| WORK REQUIRED |
An exact copy of all entries is required.

== THE DATA ==

lemma lap_eq_mat_vec:
  assumes G: "finite_mgraph W E ends"
  shows "lap E ends c h y = mat_vec W (lap_matrix E ends c) h y"
proof -
  have fW: "finite W" using G by (simp add: finite_mgraph_def)
  have delta: "(\<Sum>x\<in>W. h x * of_bool (z = x)) = h z" if "z \<in> W" for z
    using that fW by (simp add: of_bool_def if_distrib[of "\<lambda>a. _ * a"] cong: if_cong)
  have "mat_vec W (lap_matrix E ends c) h y = (\<Sum>e\<in>E. \<Sum>x\<in>W.
      ((if fst (ends e) = y then c e * (of_bool (y = x) - of_bool (snd (ends e) = x)) else 0)
     + (if snd (ends e) = y then c e * (of_bool (y = x) - of_bool (fst (ends e) = x)) else 0)) * h x)"
    unfolding mat_vec_def lap_matrix_def lap_def sum_distrib_right by (rule sum.swap)
  also have "\<dots> = lap E ends c h y"
    unfolding lap_def
  proof (rule sum.cong[OF refl])
    fix e assume "e \<in> E"
    hence "fst (ends e) \<in> W" "snd (ends e) \<in> W" using G by (auto simp: finite_mgraph_def)
    thus "(\<Sum>x\<in>W. ((if fst (ends e) = y then c e * (of_bool (y = x) - of_bool (snd (ends e) = x)) else 0)
     + (if snd (ends e) = y then c e * (of_bool (y = x) - of_bool (fst (ends e) = x)) else 0)) * h x)
      = (if fst (ends e) = y then c e * (h y - h (snd (ends e))) else 0)
      + (if snd (ends e) = y then c e * (h y - h (fst (ends e))) else 0)"
      by (auto simp: algebra_simps sum.distrib sum_subtractf sum_distrib_left[symmetric] delta)
  qed
  finally show ?thesis by simp
qed

lemma quad_form_lap_matrix:
  assumes G: "finite_mgraph W E ends"
  shows "quad_form W (lap_matrix E ends c) g = energy E ends c g"
proof -
  have fW: "finite W" using G by (simp add: finite_mgraph_def)
  have "quad_form W (lap_matrix E ends c) g = (\<Sum>y\<in>W. g y * lap E ends c g y)"
    unfolding quad_form_mat_vec lap_eq_mat_vec[OF G] ..
  also have "\<dots> = (\<Sum>e\<in>E. \<Sum>y\<in>W. g y *
      ((if fst (ends e) = y then c e * (g y - g (snd (ends e))) else 0)
    + (if snd (ends e) = y then c e * (g y - g (fst (ends e))) else 0)))"
    unfolding lap_def sum_distrib_left by (rule sum.swap)
  also have "\<dots> = energy E ends c g"
    unfolding energy_def
  proof (rule sum.cong[OF refl])
    fix e assume "e \<in> E"
    hence "fst (ends e) \<in> W" "snd (ends e) \<in> W" using G by (auto simp: finite_mgraph_def)
    moreover have "x * (if P then a else 0) = (if P then x * a else 0)" for x a :: real and P
      by simp
    ultimately show "(\<Sum>y\<in>W. g y *
      ((if fst (ends e) = y then c e * (g y - g (snd (ends e))) else 0)
    + (if snd (ends e) = y then c e * (g y - g (fst (ends e))) else 0)))
      = c e * (g (fst (ends e)) - g (snd (ends e)))\<^sup>2"
      using fW by (simp add: distrib_left sum.distrib power2_eq_square algebra_simps)
  qed
  finally show ?thesis .
qed

lemma lap_matrix_sym: "lap_matrix E ends c y x = lap_matrix E ends c x y"
  unfolding lap_matrix_def lap_def by (rule sum.cong) auto

lemma lap_const: "lap E ends c (\<lambda>_. a) y = 0"
  unfolding lap_def by (rule sum.neutral) simp

lemma lap_diff: "lap E ends c (\<lambda>z. g z - h z) y = lap E ends c g y - lap E ends c h y"
  unfolding lap_def sum_subtractf[symmetric] by (rule sum.cong) (auto simp: algebra_simps)

lemma det_lap_regularized:
  assumes G: "finite_mgraph W E ends" and ne: "W \<noteq> {}"
  shows "det_on W (\<lambda>y x. lap_matrix E ends c y x + 1) = real (card W) * det_lap W E ends c"
proof -
  define L where "L = lap_matrix E ends c"
  define n where "n = real (card W)"
  define x0 where "x0 = (SOME x. x \<in> W)"
  have fin: "finite W" using G by (simp add: finite_mgraph_def)
  have x0: "x0 \<in> W" unfolding x0_def using ne by (simp add: some_in_eq)
  have col_sum: "(\<Sum>y\<in>W. 1 * (L y x + 1)) = n" for x
  proof -
    have "(\<Sum>y\<in>W. L y x) = lap E ends c (\<lambda>_. 1) x"
      unfolding L_def lap_eq_mat_vec[OF G] mat_vec_def by (simp add: lap_matrix_sym)
    thus ?thesis by (simp add: lap_const sum.distrib n_def)
  qed
  define A where "A = (\<lambda>i j. if i = x0 then n else L i j + 1)"
  define B where "B = (\<lambda>i j. if j \<in> W - {x0} then A i j + - 1 * A i x0 else A i j)"
  have "det_on W (\<lambda>y x. L y x + 1) = det_on W A"
    using det_on_row_combination[OF fin x0, of "\<lambda>_. 1" "\<lambda>y x. L y x + 1", unfolded col_sum]
    unfolding A_def by simp
  also have "\<dots> = det_on W B"
    unfolding B_def using fin x0 by (intro det_on_add_col_multiples[symmetric]) auto
  also have "\<dots> = B x0 x0 * det_on (W - {x0}) B"
    by (rule det_on_expand_row[OF fin x0]) (simp add: B_def A_def)
  also have "det_on (W - {x0}) B = det_lap W E ends c"
    unfolding det_lap_def Let_def x0_def[symmetric]
  proof (rule det_on_cong)
    fix y x assume "y \<in> W - {x0}" "x \<in> W - {x0}"
    thus "B y x = lap E ends c (\<lambda>z. (if z = x then 1 else 0) - (if z = x0 then 1 else 0)) y"
      using lap_diff[of E ends c "\<lambda>z. of_bool (z = x)" "\<lambda>z. of_bool (z = x0)" y]
      by (simp add: B_def A_def L_def lap_matrix_def of_bool_def)
  qed
  finally show ?thesis by (simp add: B_def A_def n_def L_def)
qed

lemma quad_form_regularized:
  assumes G: "finite_mgraph W E ends"
  shows "quad_form W (\<lambda>y x. lap_matrix E ends c y x + 1) g = energy E ends c g + (\<Sum>x\<in>W. g x)\<^sup>2"
proof -
  have "quad_form W (\<lambda>y x. lap_matrix E ends c y x + 1) g
      = quad_form W (lap_matrix E ends c) g + (\<Sum>y\<in>W. \<Sum>x\<in>W. g y * g x)"
    unfolding quad_form_def by (simp add: algebra_simps sum.distrib)
  thus ?thesis by (simp add: quad_form_lap_matrix[OF G] sum_product power2_eq_square)
qed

===

| RESPONSE TO THE TASK |
lemma lap_eq_mat_vec:
  assumes G: "finite_mgraph W E ends"
  shows "lap E ends c h y = mat_vec W (lap_matrix E ends c) h y"
proof -
  have fW: "finite W" using G by (simp add: finite_mgraph_def)
  have delta: "(\<Sum>x\<in>W. h x * of_bool (z = x)) = h z" if "z \<in> W" for z
    using that fW by (simp add: of_bool_def if_distrib[of "\<lambda>a. _ * a"] cong: if_cong)
  have "mat_vec W (lap_matrix E ends c) h y = (\<Sum>e\<in>E. \<Sum>x\<in>W.
      ((if fst (ends e) = y then c e * (of_bool (y = x) - of_bool (snd (ends e) = x)) else 0)
     + (if snd (ends e) = y then c e * (of_bool (y = x) - of_bool (fst (ends e) = x)) else 0)) * h x)"
    unfolding mat_vec_def lap_matrix_def lap_def sum_distrib_right by (rule sum.swap)
  also have "\<dots> = lap E ends c h y"
    unfolding lap_def
  proof (rule sum.cong[OF refl])
    fix e assume "e \<in> E"
    hence "fst (ends e) \<in> W" "snd (ends e) \<in> W" using G by (auto simp: finite_mgraph_def)
    thus "(\<Sum>x\<in>W. ((if fst (ends e) = y then c e * (of_bool (y = x) - of_bool (snd (ends e) = x)) else 0)
     + (if snd (ends e) = y then c e * (of_bool (y = x) - of_bool (fst (ends e) = x)) else 0)) * h x)
      = (if fst (ends e) = y then c e * (h y - h (snd (ends e))) else 0)
      + (if snd (ends e) = y then c e * (h y - h (fst (ends e))) else 0)"
      by (auto simp: algebra_simps sum.distrib sum_subtractf sum_distrib_left[symmetric] delta)
  qed
  finally show ?thesis by simp
qed

lemma quad_form_lap_matrix:
  assumes G: "finite_mgraph W E ends"
  shows "quad_form W (lap_matrix E ends c) g = energy E ends c g"
proof -
  have fW: "finite W" using G by (simp add: finite_mgraph_def)
  have "quad_form W (lap_matrix E ends c) g = (\<Sum>y\<in>W. g y * lap E ends c g y)"
    unfolding quad_form_mat_vec lap_eq_mat_vec[OF G] ..
  also have "\<dots> = (\<Sum>e\<in>E. \<Sum>y\<in>W. g y *
      ((if fst (ends e) = y then c e * (g y - g (snd (ends e))) else 0)
    + (if snd (ends e) = y then c e * (g y - g (fst (ends e))) else 0)))"
    unfolding lap_def sum_distrib_left by (rule sum.swap)
  also have "\<dots> = energy E ends c g"
    unfolding energy_def
  proof (rule sum.cong[OF refl])
    fix e assume "e \<in> E"
    hence "fst (ends e) \<in> W" "snd (ends e) \<in> W" using G by (auto simp: finite_mgraph_def)
    moreover have "x * (if P then a else 0) = (if P then x * a else 0)" for x a :: real and P
      by simp
    ultimately show "(\<Sum>y\<in>W. g y *
      ((if fst (ends e) = y then c e * (g y - g (snd (ends e))) else 0)
    + (if snd (ends e) = y then c e * (g y - g (fst (ends e))) else 0)))
      = c e * (g (fst (ends e)) - g (snd (ends e)))\<^sup>2"
      using fW by (simp add: distrib_left sum.distrib power2_eq_square algebra_simps)
  qed
  finally show ?thesis .
qed

lemma lap_matrix_sym: "lap_matrix E ends c y x = lap_matrix E ends c x y"
  unfolding lap_matrix_def lap_def by (rule sum.cong) auto

lemma lap_const: "lap E ends c (\<lambda>_. a) y = 0"
  unfolding lap_def by (rule sum.neutral) simp

lemma lap_diff: "lap E ends c (\<lambda>z. g z - h z) y = lap E ends c g y - lap E ends c h y"
  unfolding lap_def sum_subtractf[symmetric] by (rule sum.cong) (auto simp: algebra_simps)

lemma det_lap_regularized:
  assumes G: "finite_mgraph W E ends" and ne: "W \<noteq> {}"
  shows "det_on W (\<lambda>y x. lap_matrix E ends c y x + 1) = real (card W) * det_lap W E ends c"
proof -
  define L where "L = lap_matrix E ends c"
  define n where "n = real (card W)"
  define x0 where "x0 = (SOME x. x \<in> W)"
  have fin: "finite W" using G by (simp add: finite_mgraph_def)
  have x0: "x0 \<in> W" unfolding x0_def using ne by (simp add: some_in_eq)
  have col_sum: "(\<Sum>y\<in>W. 1 * (L y x + 1)) = n" for x
  proof -
    have "(\<Sum>y\<in>W. L y x) = lap E ends c (\<lambda>_. 1) x"
      unfolding L_def lap_eq_mat_vec[OF G] mat_vec_def by (simp add: lap_matrix_sym)
    thus ?thesis by (simp add: lap_const sum.distrib n_def)
  qed
  define A where "A = (\<lambda>i j. if i = x0 then n else L i j + 1)"
  define B where "B = (\<lambda>i j. if j \<in> W - {x0} then A i j + - 1 * A i x0 else A i j)"
  have "det_on W (\<lambda>y x. L y x + 1) = det_on W A"
    using det_on_row_combination[OF fin x0, of "\<lambda>_. 1" "\<lambda>y x. L y x + 1", unfolded col_sum]
    unfolding A_def by simp
  also have "\<dots> = det_on W B"
    unfolding B_def using fin x0 by (intro det_on_add_col_multiples[symmetric]) auto
  also have "\<dots> = B x0 x0 * det_on (W - {x0}) B"
    by (rule det_on_expand_row[OF fin x0]) (simp add: B_def A_def)
  also have "det_on (W - {x0}) B = det_lap W E ends c"
    unfolding det_lap_def Let_def x0_def[symmetric]
  proof (rule det_on_cong)
    fix y x assume "y \<in> W - {x0}" "x \<in> W - {x0}"
    thus "B y x = lap E ends c (\<lambda>z. (if z = x then 1 else 0) - (if z = x0 then 1 else 0)) y"
      using lap_diff[of E ends c "\<lambda>z. of_bool (z = x)" "\<lambda>z. of_bool (z = x0)" y]
      by (simp add: B_def A_def L_def lap_matrix_def of_bool_def)
  qed
  finally show ?thesis by (simp add: B_def A_def n_def L_def)
qed

lemma quad_form_regularized:
  assumes G: "finite_mgraph W E ends"
  shows "quad_form W (\<lambda>y x. lap_matrix E ends c y x + 1) g = energy E ends c g + (\<Sum>x\<in>W. g x)\<^sup>2"
proof -
  have "quad_form W (\<lambda>y x. lap_matrix E ends c y x + 1) g
      = quad_form W (lap_matrix E ends c) g + (\<Sum>y\<in>W. \<Sum>x\<in>W. g y * g x)"
    unfolding quad_form_def by (simp add: algebra_simps sum.distrib)
  thus ?thesis by (simp add: quad_form_lap_matrix[OF G] sum_product power2_eq_square)
qed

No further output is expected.